### Problem
For this exercise, reproduce the entries below exactly, but only from the line containing "(* Let $\beta>0$, $\gamma\ge0$, $\mu_c,\mu_d,\varphi\in\mathbb" through the line containing "text \<open>Joint law", both included.

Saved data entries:

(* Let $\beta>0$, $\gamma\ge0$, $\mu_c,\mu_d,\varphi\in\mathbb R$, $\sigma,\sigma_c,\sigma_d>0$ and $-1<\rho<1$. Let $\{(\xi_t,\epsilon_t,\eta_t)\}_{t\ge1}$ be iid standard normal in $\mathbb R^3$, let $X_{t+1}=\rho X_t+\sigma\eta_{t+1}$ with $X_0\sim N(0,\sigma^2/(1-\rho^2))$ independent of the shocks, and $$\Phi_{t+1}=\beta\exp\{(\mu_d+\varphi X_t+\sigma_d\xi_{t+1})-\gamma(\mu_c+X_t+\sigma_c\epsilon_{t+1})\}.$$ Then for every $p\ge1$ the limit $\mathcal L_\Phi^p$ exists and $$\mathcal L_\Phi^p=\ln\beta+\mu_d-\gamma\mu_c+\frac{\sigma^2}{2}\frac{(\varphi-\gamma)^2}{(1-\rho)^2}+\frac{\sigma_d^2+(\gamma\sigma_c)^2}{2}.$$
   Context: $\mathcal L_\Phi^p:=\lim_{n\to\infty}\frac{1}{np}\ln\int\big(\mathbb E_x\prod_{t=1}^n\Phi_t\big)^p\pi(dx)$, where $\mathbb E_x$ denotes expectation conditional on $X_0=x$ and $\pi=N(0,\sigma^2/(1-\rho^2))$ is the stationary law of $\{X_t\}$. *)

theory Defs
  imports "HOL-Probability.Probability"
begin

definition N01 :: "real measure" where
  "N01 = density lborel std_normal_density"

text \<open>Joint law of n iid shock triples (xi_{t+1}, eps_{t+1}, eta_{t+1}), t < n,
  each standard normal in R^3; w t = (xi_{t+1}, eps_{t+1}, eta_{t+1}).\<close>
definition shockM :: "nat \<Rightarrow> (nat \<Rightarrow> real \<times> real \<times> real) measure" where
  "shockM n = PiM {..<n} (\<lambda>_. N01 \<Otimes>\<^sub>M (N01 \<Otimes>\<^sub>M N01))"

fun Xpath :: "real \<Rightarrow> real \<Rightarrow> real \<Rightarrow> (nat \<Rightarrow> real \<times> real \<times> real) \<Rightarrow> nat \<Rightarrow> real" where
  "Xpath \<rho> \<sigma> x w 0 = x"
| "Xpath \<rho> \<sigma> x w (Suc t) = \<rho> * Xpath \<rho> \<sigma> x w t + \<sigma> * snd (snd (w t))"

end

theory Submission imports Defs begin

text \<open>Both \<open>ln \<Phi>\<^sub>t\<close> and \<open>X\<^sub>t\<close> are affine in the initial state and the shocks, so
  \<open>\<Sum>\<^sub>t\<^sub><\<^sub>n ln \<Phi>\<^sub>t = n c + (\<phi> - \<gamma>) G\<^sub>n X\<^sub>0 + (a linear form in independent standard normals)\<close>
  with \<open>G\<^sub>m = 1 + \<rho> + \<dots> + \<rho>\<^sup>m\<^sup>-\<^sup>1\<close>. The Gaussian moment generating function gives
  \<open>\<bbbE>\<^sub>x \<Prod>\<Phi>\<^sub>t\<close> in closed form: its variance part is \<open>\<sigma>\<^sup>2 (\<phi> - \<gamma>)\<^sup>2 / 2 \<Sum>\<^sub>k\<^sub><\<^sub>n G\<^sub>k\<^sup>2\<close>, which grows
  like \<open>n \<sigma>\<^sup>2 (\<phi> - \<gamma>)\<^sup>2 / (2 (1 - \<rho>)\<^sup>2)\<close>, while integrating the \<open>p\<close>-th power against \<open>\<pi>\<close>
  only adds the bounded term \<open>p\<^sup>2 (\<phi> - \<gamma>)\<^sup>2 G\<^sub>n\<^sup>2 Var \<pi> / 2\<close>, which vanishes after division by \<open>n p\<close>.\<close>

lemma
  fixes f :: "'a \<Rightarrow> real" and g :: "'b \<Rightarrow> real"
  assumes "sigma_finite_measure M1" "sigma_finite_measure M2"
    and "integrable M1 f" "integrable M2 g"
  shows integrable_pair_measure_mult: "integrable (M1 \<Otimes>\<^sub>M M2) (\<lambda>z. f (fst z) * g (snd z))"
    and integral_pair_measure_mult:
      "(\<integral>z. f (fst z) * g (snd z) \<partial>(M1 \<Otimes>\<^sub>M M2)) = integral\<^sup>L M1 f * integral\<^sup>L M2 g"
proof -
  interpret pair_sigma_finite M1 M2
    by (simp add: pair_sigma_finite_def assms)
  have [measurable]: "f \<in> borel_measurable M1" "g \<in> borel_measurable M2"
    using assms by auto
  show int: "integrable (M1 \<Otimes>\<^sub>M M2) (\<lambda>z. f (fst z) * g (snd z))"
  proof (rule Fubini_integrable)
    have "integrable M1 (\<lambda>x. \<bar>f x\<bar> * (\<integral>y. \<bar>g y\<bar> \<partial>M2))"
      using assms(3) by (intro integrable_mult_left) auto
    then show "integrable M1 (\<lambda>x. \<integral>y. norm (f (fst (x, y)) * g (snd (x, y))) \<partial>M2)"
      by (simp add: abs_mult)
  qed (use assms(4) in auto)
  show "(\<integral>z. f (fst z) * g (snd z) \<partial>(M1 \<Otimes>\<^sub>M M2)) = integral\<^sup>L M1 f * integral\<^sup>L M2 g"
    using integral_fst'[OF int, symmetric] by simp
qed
* * *
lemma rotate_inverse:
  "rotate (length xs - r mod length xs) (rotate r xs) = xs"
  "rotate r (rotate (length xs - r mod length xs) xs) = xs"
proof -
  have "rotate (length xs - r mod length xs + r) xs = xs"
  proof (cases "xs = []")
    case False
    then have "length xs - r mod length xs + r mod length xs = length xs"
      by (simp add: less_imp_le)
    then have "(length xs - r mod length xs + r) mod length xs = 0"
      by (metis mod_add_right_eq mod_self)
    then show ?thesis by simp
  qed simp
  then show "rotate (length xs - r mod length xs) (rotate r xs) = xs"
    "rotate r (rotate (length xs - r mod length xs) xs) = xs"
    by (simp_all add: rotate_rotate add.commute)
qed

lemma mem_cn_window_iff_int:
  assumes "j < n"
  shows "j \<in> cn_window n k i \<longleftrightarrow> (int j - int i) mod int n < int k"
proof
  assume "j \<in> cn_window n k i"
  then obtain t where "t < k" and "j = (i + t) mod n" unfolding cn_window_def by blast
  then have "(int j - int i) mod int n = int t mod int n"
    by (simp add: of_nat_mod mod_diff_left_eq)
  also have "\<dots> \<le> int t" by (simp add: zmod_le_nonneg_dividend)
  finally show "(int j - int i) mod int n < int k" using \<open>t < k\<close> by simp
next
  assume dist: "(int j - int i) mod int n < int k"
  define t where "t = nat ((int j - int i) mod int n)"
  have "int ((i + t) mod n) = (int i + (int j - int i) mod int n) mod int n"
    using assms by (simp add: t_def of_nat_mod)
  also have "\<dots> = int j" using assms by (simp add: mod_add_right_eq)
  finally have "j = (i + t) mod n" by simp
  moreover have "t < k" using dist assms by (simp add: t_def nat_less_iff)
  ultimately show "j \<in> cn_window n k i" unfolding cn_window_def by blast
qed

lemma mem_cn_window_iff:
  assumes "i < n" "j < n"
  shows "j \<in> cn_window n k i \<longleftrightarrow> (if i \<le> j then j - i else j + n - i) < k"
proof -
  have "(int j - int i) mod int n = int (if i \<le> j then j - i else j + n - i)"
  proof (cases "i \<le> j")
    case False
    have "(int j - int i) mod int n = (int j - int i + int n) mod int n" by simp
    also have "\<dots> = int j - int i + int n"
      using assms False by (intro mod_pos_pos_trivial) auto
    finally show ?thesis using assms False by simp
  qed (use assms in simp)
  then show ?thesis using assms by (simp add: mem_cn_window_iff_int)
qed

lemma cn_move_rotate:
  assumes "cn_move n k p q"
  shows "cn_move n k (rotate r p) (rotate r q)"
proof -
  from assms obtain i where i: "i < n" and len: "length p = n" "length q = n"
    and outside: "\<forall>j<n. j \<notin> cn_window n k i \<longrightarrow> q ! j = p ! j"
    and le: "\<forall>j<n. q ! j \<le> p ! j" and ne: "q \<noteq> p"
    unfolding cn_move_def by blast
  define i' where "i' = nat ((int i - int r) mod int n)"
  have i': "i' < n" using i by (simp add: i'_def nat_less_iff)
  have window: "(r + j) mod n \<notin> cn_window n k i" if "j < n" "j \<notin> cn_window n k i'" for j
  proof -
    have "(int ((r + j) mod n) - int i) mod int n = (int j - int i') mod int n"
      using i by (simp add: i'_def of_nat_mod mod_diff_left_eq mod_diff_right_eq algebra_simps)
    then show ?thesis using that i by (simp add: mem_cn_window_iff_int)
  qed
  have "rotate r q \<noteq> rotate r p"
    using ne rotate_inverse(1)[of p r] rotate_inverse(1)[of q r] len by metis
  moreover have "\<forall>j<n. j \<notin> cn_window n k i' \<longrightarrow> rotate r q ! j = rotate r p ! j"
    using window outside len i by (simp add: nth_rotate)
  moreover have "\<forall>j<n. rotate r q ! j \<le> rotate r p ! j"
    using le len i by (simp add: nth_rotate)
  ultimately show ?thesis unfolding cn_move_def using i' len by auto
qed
--
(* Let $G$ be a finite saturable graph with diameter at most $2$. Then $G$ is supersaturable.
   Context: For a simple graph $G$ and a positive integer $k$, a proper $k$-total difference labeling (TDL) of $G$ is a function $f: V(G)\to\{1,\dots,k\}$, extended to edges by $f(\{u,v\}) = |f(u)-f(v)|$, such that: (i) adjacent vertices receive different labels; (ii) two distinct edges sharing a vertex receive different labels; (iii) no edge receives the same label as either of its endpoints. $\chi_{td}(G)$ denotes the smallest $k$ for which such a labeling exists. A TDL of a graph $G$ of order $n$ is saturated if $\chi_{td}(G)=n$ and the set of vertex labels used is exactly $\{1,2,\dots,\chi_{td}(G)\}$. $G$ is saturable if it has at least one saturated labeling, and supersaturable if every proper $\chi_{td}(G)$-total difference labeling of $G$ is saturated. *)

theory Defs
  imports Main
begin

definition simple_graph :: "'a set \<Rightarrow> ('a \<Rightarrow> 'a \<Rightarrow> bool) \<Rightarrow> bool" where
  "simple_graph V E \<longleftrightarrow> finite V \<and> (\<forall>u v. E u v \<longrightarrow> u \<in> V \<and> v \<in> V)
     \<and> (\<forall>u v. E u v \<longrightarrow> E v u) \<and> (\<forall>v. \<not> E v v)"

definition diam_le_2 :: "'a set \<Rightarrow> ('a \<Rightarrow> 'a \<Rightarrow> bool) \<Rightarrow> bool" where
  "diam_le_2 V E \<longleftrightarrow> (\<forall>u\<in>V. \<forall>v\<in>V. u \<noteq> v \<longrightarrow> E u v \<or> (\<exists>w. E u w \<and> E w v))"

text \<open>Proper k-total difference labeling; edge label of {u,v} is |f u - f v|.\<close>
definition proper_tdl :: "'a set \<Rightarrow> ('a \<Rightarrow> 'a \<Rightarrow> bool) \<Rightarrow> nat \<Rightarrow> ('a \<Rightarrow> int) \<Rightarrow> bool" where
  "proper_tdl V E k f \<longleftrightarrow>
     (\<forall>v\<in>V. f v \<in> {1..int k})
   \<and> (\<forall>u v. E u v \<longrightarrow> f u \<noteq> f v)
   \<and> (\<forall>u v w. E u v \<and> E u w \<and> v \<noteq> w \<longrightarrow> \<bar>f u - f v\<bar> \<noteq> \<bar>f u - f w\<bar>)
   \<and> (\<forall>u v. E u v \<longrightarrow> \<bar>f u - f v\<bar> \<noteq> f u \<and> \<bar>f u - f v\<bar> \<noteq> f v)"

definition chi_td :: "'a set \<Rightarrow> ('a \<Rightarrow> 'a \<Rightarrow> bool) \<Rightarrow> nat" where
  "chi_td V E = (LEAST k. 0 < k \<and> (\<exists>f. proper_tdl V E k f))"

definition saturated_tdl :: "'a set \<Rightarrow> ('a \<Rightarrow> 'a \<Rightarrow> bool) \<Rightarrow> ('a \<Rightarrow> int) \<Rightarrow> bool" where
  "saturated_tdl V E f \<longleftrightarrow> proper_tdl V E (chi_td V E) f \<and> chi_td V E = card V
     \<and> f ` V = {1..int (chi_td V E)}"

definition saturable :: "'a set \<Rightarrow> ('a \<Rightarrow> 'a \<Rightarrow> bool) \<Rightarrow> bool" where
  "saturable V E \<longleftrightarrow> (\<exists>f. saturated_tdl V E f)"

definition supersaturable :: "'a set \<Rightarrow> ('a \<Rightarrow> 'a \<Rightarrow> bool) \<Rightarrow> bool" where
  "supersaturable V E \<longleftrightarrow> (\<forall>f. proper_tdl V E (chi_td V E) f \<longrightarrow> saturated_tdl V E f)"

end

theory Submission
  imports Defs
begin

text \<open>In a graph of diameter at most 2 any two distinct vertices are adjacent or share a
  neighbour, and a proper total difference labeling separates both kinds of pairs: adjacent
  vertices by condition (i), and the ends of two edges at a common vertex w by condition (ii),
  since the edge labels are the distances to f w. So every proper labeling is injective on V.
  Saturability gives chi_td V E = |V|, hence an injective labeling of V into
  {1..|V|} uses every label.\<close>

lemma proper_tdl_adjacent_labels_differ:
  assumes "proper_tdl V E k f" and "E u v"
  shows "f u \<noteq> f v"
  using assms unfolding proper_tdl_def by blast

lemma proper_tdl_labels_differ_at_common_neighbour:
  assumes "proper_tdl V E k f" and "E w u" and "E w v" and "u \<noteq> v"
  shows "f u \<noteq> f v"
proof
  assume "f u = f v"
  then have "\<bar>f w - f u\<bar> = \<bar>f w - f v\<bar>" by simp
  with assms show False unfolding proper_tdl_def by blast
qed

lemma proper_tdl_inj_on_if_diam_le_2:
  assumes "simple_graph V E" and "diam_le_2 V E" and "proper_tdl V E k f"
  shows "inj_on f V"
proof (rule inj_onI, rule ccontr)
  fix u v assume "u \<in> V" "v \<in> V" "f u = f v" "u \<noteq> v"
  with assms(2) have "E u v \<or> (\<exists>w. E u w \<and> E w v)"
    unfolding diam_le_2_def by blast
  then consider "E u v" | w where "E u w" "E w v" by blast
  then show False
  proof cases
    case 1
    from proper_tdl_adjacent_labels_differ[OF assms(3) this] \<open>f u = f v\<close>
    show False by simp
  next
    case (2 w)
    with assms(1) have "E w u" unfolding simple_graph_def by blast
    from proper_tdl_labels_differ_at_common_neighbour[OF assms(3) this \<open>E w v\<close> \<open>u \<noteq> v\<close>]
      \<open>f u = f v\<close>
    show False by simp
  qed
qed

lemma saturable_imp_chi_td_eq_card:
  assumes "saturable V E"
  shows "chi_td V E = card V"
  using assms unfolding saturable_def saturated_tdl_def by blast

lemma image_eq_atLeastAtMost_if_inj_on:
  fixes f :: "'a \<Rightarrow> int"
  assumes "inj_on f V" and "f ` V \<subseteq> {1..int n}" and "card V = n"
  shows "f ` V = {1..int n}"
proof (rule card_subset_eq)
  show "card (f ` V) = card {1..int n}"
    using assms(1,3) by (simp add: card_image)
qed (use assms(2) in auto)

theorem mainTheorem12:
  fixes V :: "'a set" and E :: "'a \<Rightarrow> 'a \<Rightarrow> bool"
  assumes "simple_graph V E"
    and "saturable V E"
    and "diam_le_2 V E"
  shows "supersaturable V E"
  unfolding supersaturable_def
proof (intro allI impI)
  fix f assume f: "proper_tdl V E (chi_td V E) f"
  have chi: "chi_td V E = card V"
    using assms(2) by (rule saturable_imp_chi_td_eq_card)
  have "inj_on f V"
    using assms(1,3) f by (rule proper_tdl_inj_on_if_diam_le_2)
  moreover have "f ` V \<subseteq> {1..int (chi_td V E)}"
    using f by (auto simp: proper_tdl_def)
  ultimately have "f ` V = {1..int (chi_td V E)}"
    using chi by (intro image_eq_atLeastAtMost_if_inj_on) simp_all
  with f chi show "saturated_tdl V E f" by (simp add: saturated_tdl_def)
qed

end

### The completed task
(* Let $\beta>0$, $\gamma\ge0$, $\mu_c,\mu_d,\varphi\in\mathbb R$, $\sigma,\sigma_c,\sigma_d>0$ and $-1<\rho<1$. Let $\{(\xi_t,\epsilon_t,\eta_t)\}_{t\ge1}$ be iid standard normal in $\mathbb R^3$, let $X_{t+1}=\rho X_t+\sigma\eta_{t+1}$ with $X_0\sim N(0,\sigma^2/(1-\rho^2))$ independent of the shocks, and $$\Phi_{t+1}=\beta\exp\{(\mu_d+\varphi X_t+\sigma_d\xi_{t+1})-\gamma(\mu_c+X_t+\sigma_c\epsilon_{t+1})\}.$$ Then for every $p\ge1$ the limit $\mathcal L_\Phi^p$ exists and $$\mathcal L_\Phi^p=\ln\beta+\mu_d-\gamma\mu_c+\frac{\sigma^2}{2}\frac{(\varphi-\gamma)^2}{(1-\rho)^2}+\frac{\sigma_d^2+(\gamma\sigma_c)^2}{2}.$$
   Context: $\mathcal L_\Phi^p:=\lim_{n\to\infty}\frac{1}{np}\ln\int\big(\mathbb E_x\prod_{t=1}^n\Phi_t\big)^p\pi(dx)$, where $\mathbb E_x$ denotes expectation conditional on $X_0=x$ and $\pi=N(0,\sigma^2/(1-\rho^2))$ is the stationary law of $\{X_t\}$. *)

theory Defs
  imports "HOL-Probability.Probability"
begin

definition N01 :: "real measure" where
  "N01 = density lborel std_normal_density"

text \<open>Joint law of n iid shock triples (xi_{t+1}, eps_{t+1}, eta_{t+1}), t < n,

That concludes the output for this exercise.